C'est elle, aux mains du Parti démocrate, qui a invalidée ce dimanche la nomination du gouverment Sandu, et qui est même allée jusqu'à démettre de ses fonctions le président socialiste Igor Dodon pour nommer à sa place Pavel Philipp, dont je n'ai pas besoin de vous préciser qu'il est membre du même Parti démocrate.  

On se retrouve donc, à lire l'analyse de Gazeta, avec deux pouvoirs qui revendiquent leur légitimité en Moldavie, mais avec Bruxelles, Moscou et Washington qui soutiennent le premier gouvernment, celui approuvé par le parlement et dirigé par Maïa Sandu. Cette convergence inédite des puissances extérieures permet d'ailleurs au camp soit-disant démocrate de se revendiquer du côté du peuple moldave et de sa souveraineté contre ceux qui voudraient lui imposer un pouvoir de l'extérieur. 

Comment celà va-t'il finir? C'est toute la question sur laquelle tous les journaux achoppent ce matin, qu'ils observent la situation depuis Moscou ou depuis Bucarest, puisque la Roumanie est extrêmement influente chez son petit voisin moldave. Pour tenter d'y comprendre quelque chose, le quotidien roumain Adevarul cite l'ancien président Traian Basescu qui lui est sans hésitation : "ce qui se passe en Moldavie depuis hier est clairement, selon lui, une tentative de coup d'Etat déguisé par Vlad Plahotniouk et son Parti démocrate pour accaparer le pouvoir, seul et contre tous".  

Et puis un mot sur l'élection présidentielle qui se tenait au Kazakhstan.

S'il ne fallait garder qu'un seul mot ce serait "opposition" : quasi-absente parmi les se candidats retenus pour ce scrutin "historique", selon le terme retenu par l'Astana Times, tout simplement parce que c'est la première électio  présidentielle dans ce garnd pays d'Asie centrale où l'autocrate Noursoultan Nazarbaïev n'était pas candidat, et donc pas assuré de l'emporter avec un score compris entre 80 et 98% des voix.

Non, cette fois, Nazarbaïev avait annoncé sa volonté de passer la main, et c'est à cela que servait l'élection : à légitimer le pouvoir de celui qui avait été adoubé par le clan, j'ai nommé Kassym-Jomart Tokaïev, qui à en croire les sondage ssortie des urnes publiés par le journal kazakh Karavan devrait l'emporter avec 70% des voix. 

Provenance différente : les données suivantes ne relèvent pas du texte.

lemma cmgf_hat_distr_f_c_neq_0:
  assumes "g > 0" "c > 0"
  shows "cmgf_hat (distr_f_c g c) g z \<noteq> 0"
proof (cases "z = 0")
  case True
  have "1 \<le> (\<integral>x. exp (g * x) \<partial>distr_f_c g c)"
    using one_le_mgf_hat[OF distr_on_R_distr_f_c[OF assms] AE_distr_f_c[OF assms], of g] assms
    by (simp add: enn2real_mgf_hat[OF distr_on_R_distr_f_c[OF assms] AE_distr_f_c[OF assms]])
  then have "(\<integral>x. exp (g * x) \<partial>distr_f_c g c) \<noteq> 0"
    by linarith
  then show ?thesis
    using True by (simp add: cmgf_hat_0)
next
  case False
  then show ?thesis
    using integral_exp_linear_weight_neq_0[OF False assms(2)] c_one_pos[OF assms]
    by (simp add: cmgf_hat_distr_f_c[OF assms])
qed

definition transform_nonvanishing :: "real \<Rightarrow> real measure \<Rightarrow> bool" where
  "transform_nonvanishing g M \<longleftrightarrow> mgf_hat M g < \<infinity> \<and> (\<forall>z. cmgf_hat M g z \<noteq> 0)"

lemma transform_nonvanishing_convolution_iff:
  assumes G: "distr_on_R G" "transform_nonvanishing g G" and H: "distr_on_R H"
  shows "transform_nonvanishing g (G \<star> H) \<longleftrightarrow> transform_nonvanishing g H"
proof -
  have mG: "mgf_hat G g < \<infinity>" "mgf_hat G g \<noteq> 0"
    using G by (simp_all add: transform_nonvanishing_def mgf_hat_neq_0)
  have "mgf_hat (G \<star> H) g < \<infinity> \<longleftrightarrow> mgf_hat H g < \<infinity>"
    using mG distr_on_RD[OF G(1)] distr_on_RD[OF H] by (auto simp: mgf_hat_convolution ennreal_mult_less_top less_top)
  moreover have "cmgf_hat (G \<star> H) g z = cmgf_hat G g z * cmgf_hat H g z" if "mgf_hat H g < \<infinity>" for z
    using mG that distr_on_RD[OF G(1)] distr_on_RD[OF H] by (intro cmgf_hat_convolution) auto
  ultimately show ?thesis
    using G(2) by (auto simp: transform_nonvanishing_def)
qed

lemma transform_nonvanishing_distr_f_c:
  assumes "g > 0" "c > 0"
  shows "transform_nonvanishing g (distr_f_c g c)"
  using mgf_hat_bounded_support_less_top[OF distr_on_R_distr_f_c[OF assms] AE_distr_f_c[OF assms]]
    cmgf_hat_distr_f_c_neq_0[OF assms] assms
  by (simp add: transform_nonvanishing_def)

lemma class_S_conv_pow_iff_mu_c:
  assumes "g > 0" and \<mu>: "distr_on_R \<mu>"
  shows "class_S g (conv_pow \<mu> n) \<longleftrightarrow> (\<forall>c>0. class_S g (conv_pow (mu_c g c \<mu>) n))"
proof (cases "n = 0")
  case True
  then show ?thesis
    using not_class_L_return_0 by (auto simp: class_S_def intro: exI[of _ 1])
next
  case False
  define H where "H = conv_pow \<mu> n"
  have H: "distr_on_R H" using \<mu> by (simp add: H_def distr_on_R_conv_pow)
  have F: "distr_on_R (conv_pow (distr_f_c g c) n)" "AE x in conv_pow (distr_f_c g c) n. x \<in> {0..real n * c}"
    and decomp: "conv_pow (mu_c g c \<mu>) n = (conv_pow (distr_f_c g c) n \<star> H)"
    if "c > 0" for c
    using distr_on_R_conv_pow[OF distr_on_R_distr_f_c[OF \<open>g > 0\<close> that]]
      AE_conv_pow_atLeastAtMost[OF distr_on_R_distr_f_c[OF \<open>g > 0\<close> that] AE_distr_f_c[OF \<open>g > 0\<close> that]]
      conv_pow_convolution[OF distr_on_R_distr_f_c[OF \<open>g > 0\<close> that] \<mu>]
    by (simp_all add: mu_c_def H_def)
  have "class_S g H \<longleftrightarrow> (\<forall>c>0. class_S g (conv_pow (distr_f_c g c) n \<star> H))"
  proof
    show "class_S g H \<Longrightarrow> \<forall>c>0. class_S g (conv_pow (distr_f_c g c) n \<star> H)"
      using class_S_convolution[OF F(1,2) H] \<open>g > 0\<close> by simp
    assume "\<forall>c>0. class_S g (conv_pow (distr_f_c g c) n \<star> H)"
    then show "class_S g H"
      using H \<open>g > 0\<close>
    proof (intro class_S_if_small_perturbations)
      fix K :: real assume "K > 0"
      then have "K / real n > 0" "real n * (K / real n) = K" using False by simp_all
      then show "\<exists>G. distr_on_R G \<and> (AE y in G. y \<in> {0..K}) \<and> class_S g (G \<star> H)"
        using F \<open>\<forall>c>0. _\<close> by metis
    qed auto
  qed
  then show ?thesis by (simp add: H_def decomp)
qed

theorem lemma5p2:
  fixes \<gamma> :: real and \<mu> :: "real measure"
  assumes "\<gamma> > 0" and "distr_on_R \<mu>" and "\<forall>x. tail \<mu> x > 0"
  shows "(\<forall>c>0. (mgf_hat \<mu> \<gamma> < \<infinity> \<and> (\<forall>z. cmgf_hat \<mu> \<gamma> z \<noteq> 0)) \<longleftrightarrow>
              (mgf_hat (mu_c \<gamma> c \<mu>) \<gamma> < \<infinity> \<and> (\<forall>z. cmgf_hat (mu_c \<gamma> c \<mu>) \<gamma> z \<noteq> 0)))
       \<and> (\<forall>n::nat. class_S \<gamma> (conv_pow \<mu> n) \<longleftrightarrow> (\<forall>c>0. class_S \<gamma> (conv_pow (mu_c \<gamma> c \<mu>) n)))"
proof (intro conjI allI impI)
  fix c :: real assume "c > 0"
  have "transform_nonvanishing \<gamma> (mu_c \<gamma> c \<mu>) \<longleftrightarrow> transform_nonvanishing \<gamma> \<mu>"
    unfolding mu_c_def using assms(1,2) \<open>c > 0\<close>
    by (intro transform_nonvanishing_convolution_iff distr_on_R_distr_f_c transform_nonvanishing_distr_f_c)
  then show "(mgf_hat \<mu> \<gamma> < \<infinity> \<and> (\<forall>z. cmgf_hat \<mu> \<gamma> z \<noteq> 0)) \<longleftrightarrow>
      (mgf_hat (mu_c \<gamma> c \<mu>) \<gamma> < \<infinity> \<and> (\<forall>z. cmgf_hat (mu_c \<gamma> c \<mu>) \<gamma> z \<noteq> 0))"
    by (simp add: transform_nonvanishing_def)
next
  fix n :: nat
  show "class_S \<gamma> (conv_pow \<mu> n) \<longleftrightarrow> (\<forall>c>0. class_S \<gamma> (conv_pow (mu_c \<gamma> c \<mu>) n))"
    using assms(1,2) by (rule class_S_conv_pow_iff_mu_c)
qed
definition cblinear :: "('a::complex_normed_vector \<Rightarrow> 'b::complex_normed_vector) \<Rightarrow> bool" where
  "cblinear T \<longleftrightarrow> (\<forall>x y. T (x + y) = T x + T y) \<and> (\<forall>c x. T (c *\<^sub>C x) = c *\<^sub>C T x)
     \<and> (\<exists>K. \<forall>x. norm (T x) \<le> norm x * K)"

definition adj :: "('h::chilbert_space \<Rightarrow> 'k::chilbert_space) \<Rightarrow> ('k \<Rightarrow> 'h)" where
  "adj T = (THE S. \<forall>x y. cinner (T x) y = cinner x (S y))"

definition cspan :: "'a::complex_vector set \<Rightarrow> 'a set" where
  "cspan S = {x. \<exists>F c. finite F \<and> F \<subseteq> S \<and> x = (\<Sum>s\<in>F. c s *\<^sub>C s)}"

definition is_orth_proj :: "('h::chilbert_space \<Rightarrow> 'h) \<Rightarrow> 'h set \<Rightarrow> bool" where
  "is_orth_proj P C \<longleftrightarrow> (\<forall>x. P x \<in> C \<and> (\<forall>y\<in>C. cinner y (x - P x) = 0))"

definition is_proj :: "('h::chilbert_space \<Rightarrow> 'h) \<Rightarrow> bool" where
  "is_proj P \<longleftrightarrow> cblinear P \<and> P \<circ> P = P \<and> adj P = P"

text \<open>A linear map \<open>\<phi> : A \<rightarrow> B(H)\<close> is completely positive if every amplification
  \<open>\<phi>\<^sub>n : M\<^sub>n(A) \<rightarrow> M\<^sub>n(B(H)) = B(H\<^sup>n)\<close> is positive. Positive elements of \<open>M\<^sub>n(A)\<close> are those of the
  form \<open>B\<^sup>*B\<close>, and positivity of an operator matrix \<open>T\<close> on \<open>H\<^sup>n\<close> means
  \<open>\<Sum>\<^sub>i\<^sub>j \<langle>h\<^sub>i, T\<^sub>i\<^sub>j h\<^sub>j\<rangle> \<ge> 0\<close> for all \<open>h\<close>.\<close>
definition completely_positive :: "('a::cstar_algebra_1 \<Rightarrow> ('h::chilbert_space \<Rightarrow> 'h)) \<Rightarrow> bool" where
  "completely_positive \<phi> \<longleftrightarrow>
     (\<forall>a. cblinear (\<phi> a)) \<and>
     (\<forall>a b. \<phi> (a + b) = (\<lambda>x. \<phi> a x + \<phi> b x)) \<and>
     (\<forall>c a. \<phi> (c *\<^sub>C a) = (\<lambda>x. c *\<^sub>C \<phi> a x)) \<and>
     (\<forall>(n::nat) (B::nat \<Rightarrow> nat \<Rightarrow> 'a) (h::nat \<Rightarrow> 'h).
        let s = (\<Sum>i<n. \<Sum>j<n. cinner (h i) (\<phi> (\<Sum>k<n. cstar (B k i) * B k j) (h j)))
        in Im s = 0 \<and> 0 \<le> Re s)"

definition cp_instrument ::
  "'x measure \<Rightarrow> ('x set \<Rightarrow> 'a::cstar_algebra_1 \<Rightarrow> 'h::chilbert_space \<Rightarrow> 'h) \<Rightarrow> bool" where
  "cp_instrument M I \<longleftrightarrow>
     (\<forall>A\<in>sets M. completely_positive (I A)) \<and>
     (\<forall>a h k F. range F \<subseteq> sets M \<longrightarrow> disjoint_family F \<longrightarrow>
        (\<lambda>n. cinner h (I (F n) a k)) sums cinner h (I (\<Union>n. F n) a k))"

definition instr_obs :: "('x set \<Rightarrow> 'a::cstar_algebra_1 \<Rightarrow> 'h \<Rightarrow> 'h) \<Rightarrow> 'x set \<Rightarrow> 'h \<Rightarrow> 'h" where
  "instr_obs I A = I A 1"

definition instr_channel :: "'x measure \<Rightarrow> ('x set \<Rightarrow> 'a \<Rightarrow> 'h \<Rightarrow> 'h) \<Rightarrow> 'a \<Rightarrow> 'h \<Rightarrow> 'h" where
  "instr_channel M I = I (space M)"

definition decomposable ::
  "'x measure \<Rightarrow> ('x set \<Rightarrow> 'a::cstar_algebra_1 \<Rightarrow> 'h::chilbert_space \<Rightarrow> 'h) \<Rightarrow> bool" where
  "decomposable M I \<longleftrightarrow>
     (\<forall>a. \<forall>A\<in>sets M. I A a = instr_channel M I a \<circ> instr_obs I A)"

definition spectral_measure :: "'x measure \<Rightarrow> ('x set \<Rightarrow> 'k::chilbert_space \<Rightarrow> 'k) \<Rightarrow> bool" where
  "spectral_measure M E \<longleftrightarrow>
     (\<forall>A\<in>sets M. is_proj (E A)) \<and> E (space M) = id \<and>
     (\<forall>A\<in>sets M. \<forall>B\<in>sets M. E (A \<inter> B) = E A \<circ> E B) \<and>
     (\<forall>h k F. range F \<subseteq> sets M \<longrightarrow> disjoint_family F \<longrightarrow>
        (\<lambda>n. cinner h (E (F n) k)) sums cinner h (E (\<Union>n. F n) k))"

definition unital_star_hom :: "('a::cstar_algebra_1 \<Rightarrow> ('k::chilbert_space \<Rightarrow> 'k)) \<Rightarrow> bool" where
  "unital_star_hom \<pi> \<longleftrightarrow>
     (\<forall>a. cblinear (\<pi> a)) \<and>
     (\<forall>a b. \<pi> (a + b) = (\<lambda>x. \<pi> a x + \<pi> b x)) \<and>
     (\<forall>c a. \<pi> (c *\<^sub>C a) = (\<lambda>x. c *\<^sub>C \<pi> a x)) \<and>
     (\<forall>a b. \<pi> (a * b) = \<pi> a \<circ> \<pi> b) \<and>
     (\<forall>a. \<pi> (cstar a) = adj (\<pi> a)) \<and>
     \<pi> 1 = id"

definition minimal_bidilation ::
  "'x measure \<Rightarrow> ('x set \<Rightarrow> 'a::cstar_algebra_1 \<Rightarrow> 'h::chilbert_space \<Rightarrow> 'h)
    \<Rightarrow> ('a \<Rightarrow> 'k::chilbert_space \<Rightarrow> 'k) \<Rightarrow> ('x set \<Rightarrow> 'k \<Rightarrow> 'k) \<Rightarrow> ('h \<Rightarrow> 'k) \<Rightarrow> bool" where
  "minimal_bidilation M I \<pi> E V \<longleftrightarrow>
     unital_star_hom \<pi> \<and> spectral_measure M E \<and>
     (\<forall>a. \<forall>A\<in>sets M. \<pi> a \<circ> E A = E A \<circ> \<pi> a) \<and>
     cblinear V \<and>
     (\<forall>a. \<forall>A\<in>sets M. I A a = adj V \<circ> \<pi> a \<circ> E A \<circ> V) \<and>
     closure (cspan {\<pi> a (E A (V h)) | a A h. A \<in> sets M}) = UNIV"

end

theory Submission
  imports Defs
begin

(*
  Write W = V V*. With phi(a) = V* pi(a) V and mu(A) = V* E(A) V, decomposability reads
  V* pi(a) E(A) V = V* pi(a) W E(A) V. Pairing with V k and moving pi(a) across turns this into
  the statement that E(A) V h - W E(A) V h is orthogonal to every pi(b) V k, i.e. that P1 kills it:
  P1 E(A) W = W E(A) W. Taking adjoints gives W E(A) W = W E(A) P1. For a = 1 and A = X
  decomposability says that V* V is idempotent, so V is a partial isometry and W is a projection
  with P1 W = W = W P1; this turns the two identities into (ii), and conversely already the first
  identity of (ii) yields decomposability. Taking adjoints also shows that decomposability is
  symmetric in the two families {pi(a)} and {E(A)}, so (iii) is (ii) with their roles exchanged.
*)

lemma cinner_add_left: "cinner (x + y) (z::'a::complex_inner) = cinner x z + cinner y z"
  by (subst (1 2 3) cinner_conj) (simp add: cinner_add_right)

lemma cinner_scaleC_left: "cinner (c *\<^sub>C x) (y::'a::complex_inner) = cnj c * cinner x y"
  by (subst (1 2) cinner_conj) (simp add: cinner_scaleC_right)

lemma cinner_zero_right [simp]: "cinner (x::'a::complex_inner) 0 = 0"
proof -
  have "cinner x (0::'a) + cinner x 0 = cinner x 0" by (simp flip: cinner_add_right)
  then show ?thesis by simp
qed

lemma cinner_zero_left [simp]: "cinner 0 (x::'a::complex_inner) = 0"
  by (subst cinner_conj) simp

lemma cinner_diff_right: "cinner x (y - z) = cinner x y - cinner (x::'a::complex_inner) z"
proof -
  have "cinner x (y - z) + cinner x z = cinner x y" by (simp flip: cinner_add_right)
  then show ?thesis by (simp add: eq_diff_eq)
qed

lemma cinner_diff_left: "cinner (x - y) z = cinner x z - cinner (y::'a::complex_inner) z"
  by (subst (1 2 3) cinner_conj) (simp add: cinner_diff_right)

lemma cinner_sum_left: "cinner (\<Sum>s\<in>F. f s) (y::'a::complex_inner) = (\<Sum>s\<in>F. cinner (f s) y)"
  by (induction F rule: infinite_finite_induct) (auto simp: cinner_add_left)

lemma Re_cinner_self: "Re (cinner x x) = (norm (x::'a::complex_inner))\<^sup>2"
  by (simp add: norm_eq_sqrt_cinner cinner_self_nonneg)

lemma cinner_self_eq_0 [simp]: "cinner x x = 0 \<longleftrightarrow> (x::'a::complex_inner) = 0"
proof
  assume "cinner x x = 0"
  then have "norm x = 0" by (simp add: norm_eq_sqrt_cinner)
  then show "x = 0" by simp
qed simp

lemma cinner_right_eqI: "(\<And>z. cinner z x = cinner z y) \<Longrightarrow> x = (y::'a::complex_inner)"
  by (metis cinner_diff_right cinner_self_eq_0 eq_iff_diff_eq_0)

lemma norm_add_sq:
  "(norm (x + y))\<^sup>2 = (norm x)\<^sup>2 + (norm y)\<^sup>2 + 2 * Re (cinner x (y::'a::complex_inner))"
proof -
  have "Re (cinner y x) = Re (cinner x y)" by (subst cinner_conj) simp
  then show ?thesis by (simp flip: Re_cinner_self add: cinner_add_left cinner_add_right)
qed

lemma parallelogram_law:
  "(norm (x - y))\<^sup>2 + (norm (x + y))\<^sup>2 = 2 * (norm x)\<^sup>2 + 2 * (norm (y::'a::complex_inner))\<^sup>2"
  using norm_add_sq[of x y] norm_add_sq[of x "- y"] cinner_diff_right[of x 0 y] by simp

lemma norm_sq_remove_component:
  fixes x y :: "'a::complex_inner"
  assumes "y \<noteq> 0"
  shows "(norm (x + (- cinner y x / of_real ((norm y)\<^sup>2)) *\<^sub>C y))\<^sup>2
    = (norm x)\<^sup>2 - (cmod (cinner x y))\<^sup>2 / (norm y)\<^sup>2"
proof -
  define r where "r = (norm y)\<^sup>2"
  define c where "c = cinner y x"
  have r: "r > 0" using assms by (simp add: r_def)
  have xy: "cinner x y = cnj c" unfolding c_def by (rule cinner_conj)
  have Re_c: "Re (- c / of_real r * cnj c) = - ((cmod c)\<^sup>2 / r)"
  proof -
    have "- c / of_real r * cnj c = - (c * cnj c) / of_real r" by simp
    also have "\<dots> = - of_real ((cmod c)\<^sup>2 / r)" by (simp flip: complex_norm_square)
    finally show ?thesis by (simp only: Re_complex_of_real uminus_complex.sel(1))
  qed
  have "cmod (- c / of_real r) = cmod c / r" using r by (simp add: norm_divide)
  then have "(cmod (- c / of_real r) * norm y)\<^sup>2 = (cmod c)\<^sup>2 / r"
    using r by (simp add: power_mult_distrib power_divide flip: r_def) (simp add: power2_eq_square)
  then show ?thesis
    unfolding norm_add_sq norm_scaleC cinner_scaleC_right xy Re_c c_def[symmetric] r_def[symmetric]
    by simp
qed

lemma cmod_cinner_le: "cmod (cinner x y) \<le> norm x * norm (y::'a::complex_inner)"
proof (cases "y = 0")
  case False
  have "0 \<le> (norm x)\<^sup>2 - (cmod (cinner x y))\<^sup>2 / (norm y)\<^sup>2"
    by (simp flip: norm_sq_remove_component[OF False])
  then have "(cmod (cinner x y))\<^sup>2 \<le> (norm x * norm y)\<^sup>2"
    using False by (simp add: pos_divide_le_eq power_mult_distrib)
  then show ?thesis by (rule power2_le_imp_le) simp
qed simp

lemma cinner_eq_0_if_norm_minimal:
  fixes u x :: "'a::complex_inner"
  assumes "\<And>t. norm u \<le> norm (u + t *\<^sub>C x)"
  shows "cinner u x = 0"
proof (cases "x = 0")
  case False
  have "(norm u)\<^sup>2 \<le> (norm u)\<^sup>2 - (cmod (cinner u x))\<^sup>2 / (norm x)\<^sup>2"
    using assms by (simp flip: norm_sq_remove_component[OF False] add: power_mono)
  then show ?thesis using False by (simp add: divide_le_0_iff)
qed simp

lemma bounded_linear_cinner_right: "bounded_linear (cinner (y::'a::complex_inner))"
proof (rule bounded_linear_intro[where K = "norm y"])
  show "cinner y (x + z) = cinner y x + cinner y z" for x z by (rule cinner_add_right)
  show "cinner y (r *\<^sub>R x) = r *\<^sub>R cinner y x" for r x
    by (simp add: scaleR_scaleC cinner_scaleC_right scaleR_conv_of_real)
  show "norm (cinner y x) \<le> norm x * norm y" for x
    using cmod_cinner_le[of y x] by (simp add: mult.commute)
qed

lemma bounded_linear_cinner_left: "bounded_linear (\<lambda>z::'a::complex_inner. cinner z y)"
proof (rule bounded_linear_intro[where K = "norm y"])
  show "cinner (x + z) y = cinner x y + cinner z y" for x z by (rule cinner_add_left)
  show "cinner (r *\<^sub>R x) y = r *\<^sub>R cinner x y" for r x
    by (simp add: scaleR_scaleC cinner_scaleC_left scaleR_conv_of_real)
  show "norm (cinner x y) \<le> norm x * norm y" for x by (rule cmod_cinner_le)
qed

lemma bounded_linear_if_cblinear:
  assumes "cblinear T" shows "bounded_linear T"
proof -
  obtain K where "\<And>x. norm (T x) \<le> norm x * K" using assms unfolding cblinear_def by blast
  with assms show ?thesis
    unfolding cblinear_def by (intro bounded_linear_intro[where K = K]) (auto simp: scaleR_scaleC)
qed

lemma cblinear_diff: "cblinear T \<Longrightarrow> T (x - y) = T x - T y"
  by (simp add: bounded_linear_if_cblinear linear_diff bounded_linear.linear)

section \<open>Riesz representation and adjoints\<close>

lemma Cauchy_if_norm_minimizing:
  fixes xs :: "nat \<Rightarrow> 'a::complex_inner"
  assumes C: "convex C" "\<And>n. xs n \<in> C" and d: "\<And>v. v \<in> C \<Longrightarrow> d \<le> norm v"
    and lim: "(\<lambda>n. norm (xs n)) \<longlonglongrightarrow> d"
  shows "Cauchy xs"
proof (rule CauchyI)
  fix \<epsilon> :: real assume "0 < \<epsilon>"
  define e where "e n = (norm (xs n))\<^sup>2 - d\<^sup>2" for n
  have "0 \<le> d" using lim by (rule LIMSEQ_le_const) simp
  have "e \<longlonglongrightarrow> 0" unfolding e_def using lim by (intro LIM_zero tendsto_power)
  from LIMSEQ_D[OF this, of "\<epsilon>\<^sup>2 / 4"] obtain N where N: "\<And>n. n \<ge> N \<Longrightarrow> \<bar>e n\<bar> < \<epsilon>\<^sup>2 / 4"
    using \<open>0 < \<epsilon>\<close> by auto
  have "norm (xs m - xs n) < \<epsilon>" if "m \<ge> N" "n \<ge> N" for m n
  proof -
    have "(1/2) *\<^sub>R xs m + (1/2) *\<^sub>R xs n \<in> C" by (rule convexD) (use C in auto)
    moreover have "norm ((1/2) *\<^sub>R xs m + (1/2) *\<^sub>R xs n) = norm (xs m + xs n) / 2"
      by (simp flip: scaleR_add_right)
    ultimately have "2 * d \<le> norm (xs m + xs n)" using d by fastforce
    then have "(2 * d)\<^sup>2 \<le> (norm (xs m + xs n))\<^sup>2" using \<open>0 \<le> d\<close> by (intro power_mono) auto
    then have "(norm (xs m - xs n))\<^sup>2 \<le> 2 * e m + 2 * e n"
      using parallelogram_law[of "xs m" "xs n"] by (simp add: e_def power_mult_distrib)
    also have "\<dots> < \<epsilon>\<^sup>2" using N[OF \<open>m \<ge> N\<close>] N[OF \<open>n \<ge> N\<close>] by linarith
    finally show ?thesis using \<open>0 < \<epsilon>\<close> by (simp add: power_less_imp_less_base)
  qed
  then show "\<exists>N. \<forall>m\<ge>N. \<forall>n\<ge>N. norm (xs m - xs n) < \<epsilon>" by blast
qed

Aucun suspense donc,  mais ce que l'on retiendra de ce scrutin, c'est que l'opposition, revenons à elle, s'est tout de même exprimé, là encore de manière historique : la journée de vote hier, signale le site spécialisé Fergana News a été émaillé par des manifestations d'une ampleur franchement exceptionnelle, pour critiquer le simulacre de démocratie et appeler à des élections vraiment ouvertes. 

Ce qui marque les esprits, enfin, c'est la réaction des autorités : plus de 500 arrestations selon la radio internationale américaine en Asie centrale Radio Liberty. L'opposition kazakhe existe donc bien, elle se cherche une place dans le Kazakhstan d'après Noursoultan Nazarbaïev nous dit l'autre site d'actu spécialisé sur la région Novastan. Et si cette place n'est pas (encore) dans les urnes, au moins elle existe, sur internet et dans la rue... et c'est déjà le début de quelque chose.